Letters to the Editor

July 06, 2010

Gun-control fees as bad as a ban

I was very happy to see Otis McDonald prevail in his case against Chicago ("High court limits gun ban," Tuesday), but city and state governments simply will not get the message. Chicago's Mayor Richard M. Daley has already vowed to come right back with new gun-control laws. Many politicians seem to think that there is a difference between "you cannot have a gun" and "there is such a long and expensive administrative process that no one will actually be able to own a gun."

Some may not like my analogy, but the 24th Amendment made poll taxes - fees charged by states or cities to vote - unconstitutional. The gun-control schemes take the same course. Charging fees rather than outright bans as a means to a desired end is an attempt to run around established laws. Why should fees charged to defend yourself be constitutional?
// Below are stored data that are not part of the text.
lemma symmetric_matrix_eigenvector_in_subspace:
  fixes M :: "real^'n^'n"
  assumes sym: "transpose M = M" and W: "subspace W" and inv: "\<And>x. x \<in> W \<Longrightarrow> M *v x \<in> W"
    and nontriv: "W \<noteq> {0}"
  obtains v l where "v \<in> W" "norm v = 1" "M *v v = l *\<^sub>R v"
proof -
  obtain x0 where x0: "x0 \<in> W" "x0 \<noteq> 0" using nontriv W subspace_0 by blast
  define U where "U = W \<inter> sphere 0 1"
  have "compact U" unfolding U_def
    using closed_subspace[OF W] compact_sphere by (metis Int_commute compact_Int_closed)
  moreover have "x0 /\<^sub>R norm x0 \<in> U" using x0 W by (simp add: U_def subspace_scale)
  moreover have "continuous_on U (\<lambda>x. x \<bullet> (M *v x))"
    by (intro continuous_intros linear_continuous_on matrix_vector_mul_bounded_linear)
  ultimately obtain v where "v \<in> U" and vmax: "\<And>y. y \<in> U \<Longrightarrow> y \<bullet> (M *v y) \<le> v \<bullet> (M *v v)"
    using continuous_attains_sup[of U] by blast
  then have v: "v \<in> W" "norm v = 1" by (auto simp: U_def)
  have "x \<bullet> (M *v x) \<le> (v \<bullet> (M *v v)) * (x \<bullet> x)" if "x \<in> W" for x
  proof (cases "x = 0")
    case False
    have "x /\<^sub>R norm x \<in> U" using that False W by (simp add: U_def subspace_scale)
    from vmax[OF this] have "(x \<bullet> (M *v x)) / (norm x)\<^sup>2 \<le> v \<bullet> (M *v v)"
      by (simp add: matrix_vector_mult_scaleR power2_eq_square field_simps)
    then show ?thesis using False by (simp add: divide_le_eq power2_norm_eq_inner)
  qed simp
  then have "M *v v = (v \<bullet> (M *v v)) *\<^sub>R v"
    using eigenvector_of_maximal_quadratic_form[OF sym W inv v(1)] v(2) by (simp add: norm_eq_1)
  with v that show thesis by blast
qed

lemma symmetric_matrix_invariant_orthogonal_complement:
  fixes M :: "real^'n^'n"
  assumes sym: "transpose M = M" and inv: "\<And>x. x \<in> W \<Longrightarrow> M *v x \<in> W"
    and v: "M *v v = l *\<^sub>R v" and x: "x \<in> W \<inter> {x. v \<bullet> x = 0}"
  shows "M *v x \<in> W \<inter> {x. v \<bullet> x = 0}"
proof -
  have "v \<bullet> (M *v x) = (M *v v) \<bullet> x"
    using inner_transpose_matrix_vector[of v M x] sym by simp
  then show ?thesis using x inv v by auto
qed

lemma span_insert_orthogonal_complement:
  fixes v :: "'a::real_inner"
  assumes W: "subspace W" and v: "v \<in> W" "v \<bullet> v = 1"
    and B: "B \<subseteq> W" "span B = W \<inter> {x. v \<bullet> x = 0}"
  shows "span (insert v B) = W"
proof
  show "span (insert v B) \<subseteq> W" using B(1) v(1) W by (intro span_minimal) auto
  show "W \<subseteq> span (insert v B)"
  proof
    fix x assume "x \<in> W"
    then have "x - (v \<bullet> x) *\<^sub>R v \<in> span B"
      using v W B(2) by (simp add: subspace_diff subspace_scale inner_diff_right)
    then have "x - (v \<bullet> x) *\<^sub>R v + (v \<bullet> x) *\<^sub>R v \<in> span (insert v B)"
      by (meson span_add span_base span_mono span_scale insertI1 subset_insertI subsetD)
    then show "x \<in> span (insert v B)" by simp
  qed
qed

lemma symmetric_matrix_orthonormal_eigenbasis_of_subspace:
  fixes M :: "real^'n^'n"
  assumes sym: "transpose M = M"
  shows "subspace W \<Longrightarrow> (\<And>x. x \<in> W \<Longrightarrow> M *v x \<in> W) \<Longrightarrow>
    \<exists>B. B \<subseteq> W \<and> finite B \<and> span B = W \<and> pairwise orthogonal B \<and>
        (\<forall>b\<in>B. norm b = 1 \<and> (\<exists>l. M *v b = l *\<^sub>R b))"
proof (induction "dim W" arbitrary: W rule: less_induct)
  case less
  show ?case
  proof (cases "W = {0}")
    case True
    then show ?thesis by (intro exI[of _ "{}"]) auto
  next
    case False
    obtain v l where v: "v \<in> W" "norm v = 1" "M *v v = l *\<^sub>R v"
      using symmetric_matrix_eigenvector_in_subspace[OF sym less.prems False] by blast
    have vv: "v \<bullet> v = 1" using v(2) by (simp add: norm_eq_1)
    define W' where "W' = W \<inter> {x. v \<bullet> x = 0}"
    have W': "subspace W'"
      unfolding W'_def using less.prems(1) subspace_hyperplane subspace_inter by blast
    have inv': "M *v x \<in> W'" if "x \<in> W'" for x
      using symmetric_matrix_invariant_orthogonal_complement[OF sym less.prems(2) v(3)] that
      by (simp add: W'_def)
    have "v \<notin> W'" using vv by (simp add: W'_def)
    then have "W' \<subset> W" using v(1) unfolding W'_def by blast
    then have "dim W' < dim W"
      using dim_psubset[of W' W] W' less.prems(1) by (metis span_eq_iff)
    then obtain B' where B': "B' \<subseteq> W'" "finite B'" "span B' = W'" "pairwise orthogonal B'"
      "\<forall>b\<in>B'. norm b = 1 \<and> (\<exists>l. M *v b = l *\<^sub>R b)"
      using less.hyps[OF _ W' inv'] by blast
    have "span (insert v B') = W"
      using span_insert_orthogonal_complement[OF less.prems(1) v(1) vv] B'(1,3) by (auto simp: W'_def)
    moreover have "pairwise orthogonal (insert v B')"
      using B'(1,4) unfolding pairwise_insert W'_def orthogonal_def by (auto simp: inner_commute)
    moreover have "insert v B' \<subseteq> W" using B'(1) v(1) by (auto simp: W'_def)
    moreover have "\<forall>b\<in>insert v B'. norm b = 1 \<and> (\<exists>l. M *v b = l *\<^sub>R b)" using B'(5) v by auto
    ultimately show ?thesis using B'(2) by (intro exI[of _ "insert v B'"]) blast
  qed
qed

lemma symmetric_matrix_orthonormal_eigenbasis:
  fixes M :: "real^'n^'n"
  assumes "transpose M = M"
  obtains B where "orthonormal_basis B" "\<And>b. b \<in> B \<Longrightarrow> \<exists>l. M *v b = l *\<^sub>R b"
  using symmetric_matrix_orthonormal_eigenbasis_of_subspace[OF assms, of UNIV]
  unfolding orthonormal_basis_def by auto

section \<open>The nuclear norm\<close>

definition right_singular_basis :: "real^'b^'s \<Rightarrow> (real^'b) set \<Rightarrow> bool" where
  "right_singular_basis A B \<longleftrightarrow>
     orthonormal_basis B \<and> (\<forall>b\<in>B. \<exists>l. transpose A *v (A *v b) = l *\<^sub>R b)"

lemma right_singular_basis_exists:
  fixes A :: "real^'b^'s"
  obtains B where "right_singular_basis A B"
proof -
  have "transpose (transpose A ** A) = transpose A ** A" by (simp add: matrix_transpose_mul)
  then obtain B where "orthonormal_basis B" "\<And>b. b \<in> B \<Longrightarrow> \<exists>l. (transpose A ** A) *v b = l *\<^sub>R b"
    using symmetric_matrix_orthonormal_eigenbasis by blast
  then have "right_singular_basis A B"
    by (simp add: right_singular_basis_def matrix_vector_mul_assoc)
  then show thesis by (rule that)
qed

lemma right_singular_basis_eigen:
  assumes "right_singular_basis A B" "b \<in> B"
  shows "(transpose A ** A) *v b = (norm (A *v b))\<^sup>2 *\<^sub>R b"
proof -
  obtain l where l: "transpose A *v (A *v b) = l *\<^sub>R b"
    using assms by (auto simp: right_singular_basis_def)
  have "b \<bullet> b = 1"
    using assms orthonormal_basis_inner by (fastforce simp: right_singular_basis_def)
  then have "l = b \<bullet> (transpose A *v (A *v b))" using l by simp
  also have "\<dots> = (A *v b) \<bullet> (A *v b)" by (rule inner_transpose_matrix_vector)
  also have "\<dots> = (norm (A *v b))\<^sup>2" by (simp add: power2_norm_eq_inner)
  finally show ?thesis using l by (simp add: matrix_vector_mul_assoc)
qed

lemma right_singular_basis_scaleR:
  assumes "right_singular_basis A B"
  shows "right_singular_basis (c *\<^sub>R A) B"
proof -
  have "transpose (c *\<^sub>R A) *v ((c *\<^sub>R A) *v x) = (c * c) *\<^sub>R (transpose A *v (A *v x))" for x
    by (simp add: transpose_scalar scaleR_matrix_vector_assoc[symmetric] matrix_vector_mult_scaleR
        del: transpose_matrix_vector)
  then show ?thesis using assms by (fastforce simp: right_singular_basis_def)
qed

definition spectral_matrix :: "(real^'n) set \<Rightarrow> (real^'n \<Rightarrow> real) \<Rightarrow> real^'n^'n" where
  "spectral_matrix B s = (\<chi> i j. \<Sum>b\<in>B. s b * b$i * b$j)"

lemma spectral_matrix_mult_vector:
  "spectral_matrix B s *v x = (\<Sum>b\<in>B. (s b * (b \<bullet> x)) *\<^sub>R b)"
proof -
  have "(spectral_matrix B s *v x) $ i = (\<Sum>b\<in>B. (s b * (b \<bullet> x)) *\<^sub>R b) $ i" for i
  proof -
    have "(spectral_matrix B s *v x) $ i = (\<Sum>j\<in>UNIV. \<Sum>b\<in>B. s b * b$i * b$j * x$j)"
      by (simp add: spectral_matrix_def matrix_vector_mult_def sum_distrib_right)
    also have "\<dots> = (\<Sum>b\<in>B. \<Sum>j\<in>UNIV. s b * b$i * b$j * x$j)" by (rule sum.swap)
    also have "\<dots> = (\<Sum>b\<in>B. (s b * (b \<bullet> x)) *\<^sub>R b) $ i"
      by (simp add: inner_vec_def sum_distrib_left sum_distrib_right sum_component mult_ac)
    finally show ?thesis .
  qed
  then show ?thesis by (simp add: vec_eq_iff)
qed

lemma spectral_matrix_eigen:
  assumes "orthonormal_basis B" "b \<in> B"
  shows "spectral_matrix B s *v b = s b *\<^sub>R b"
proof -
  have "(\<Sum>c\<in>B. (s c * (c \<bullet> b)) *\<^sub>R c) = (\<Sum>c\<in>B. if c = b then s b *\<^sub>R b else 0)"
    using assms by (intro sum.cong) (auto simp: orthonormal_basis_inner)
  also have "\<dots> = s b *\<^sub>R b" using assms by (simp add: orthonormal_basis_def)
  finally show ?thesis by (simp add: spectral_matrix_mult_vector)
qed

lemma psd_spectral_matrix:
  fixes B :: "(real^'n) set"
  assumes "\<And>b. b \<in> B \<Longrightarrow> 0 \<le> s b"
  shows "psd (spectral_matrix B s)"
  unfolding psd_def
proof (intro conjI allI)
  show "transpose (spectral_matrix B s) = spectral_matrix B s"
    by (simp add: spectral_matrix_def transpose_def vec_eq_iff mult_ac)
  fix x :: "real^'n"
  have "x \<bullet> (spectral_matrix B s *v x) = (\<Sum>b\<in>B. s b * (b \<bullet> x)\<^sup>2)"
    by (simp add: spectral_matrix_mult_vector inner_sum_right inner_commute power2_eq_square mult_ac)
  also have "\<dots> \<ge> 0" using assms by (intro sum_nonneg) simp
  finally show "0 \<le> x \<bullet> (spectral_matrix B s *v x)" .
qed

lemma psd_sqrt_eigen:
  fixes Q :: "real^'n^'n"
  assumes Q: "psd Q" and QQ: "Q *v (Q *v b) = s\<^sup>2 *\<^sub>R b" and s: "0 \<le> s"
  shows "Q *v b = s *\<^sub>R b"
proof (cases "s = 0")
  case True
  have "(Q *v b) \<bullet> (Q *v b) = b \<bullet> (Q *v (Q *v b))"
    using Q inner_transpose_matrix_vector[of b Q "Q *v b"] by (simp add: psd_def)
  then show ?thesis using QQ True by simp
next
  case False
  define w where "w = Q *v b - s *\<^sub>R b"
  have "Q *v w = - s *\<^sub>R w"
    by (simp add: w_def matrix_vector_mult_diff_distrib matrix_vector_mult_scaleR QQ
        algebra_simps power2_eq_square)
  then have "s * (w \<bullet> w) = - (w \<bullet> (Q *v w))" by simp
  also have "\<dots> \<le> 0" using Q by (simp add: psd_def)
  finally have "w \<bullet> w = 0" using s False inner_ge_zero[of w]
    by (simp add: mult_le_0_iff)
  then show ?thesis by (simp add: w_def)
qed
The dissent in the McDonald case illustrates the way many liberals think of the Second Amendment. Justice Stephen Breyer wrote that he "can find nothing in the Second Amendment's text, history, or underlying rationale that could warrant characterizing it as 'fundamental,' insofar as it seeks to protect the keeping and bearing of arms for private self-defense purposes." Really? It is hard for me to believe that a man who went to Stanford and Harvard and is a Supreme Court justice cannot find any underlying rationale in "shall not be infringed."

Robert Kump

Philadelphia

rob.kump@gmail.com

Getting the facts on gun-control laws

The Inquirer's editorial (Tuesday) on the McDonald ruling was at odds with the facts. The editorial claimed that "the court's position runs counter to decades of mainstream legal views on the Second Amendment." This is incorrect. The mainstream debate has long since shifted from whether gun ownership is an individual right to the details of what the right protects. The Inquirer is a few decades behind on the scholarship.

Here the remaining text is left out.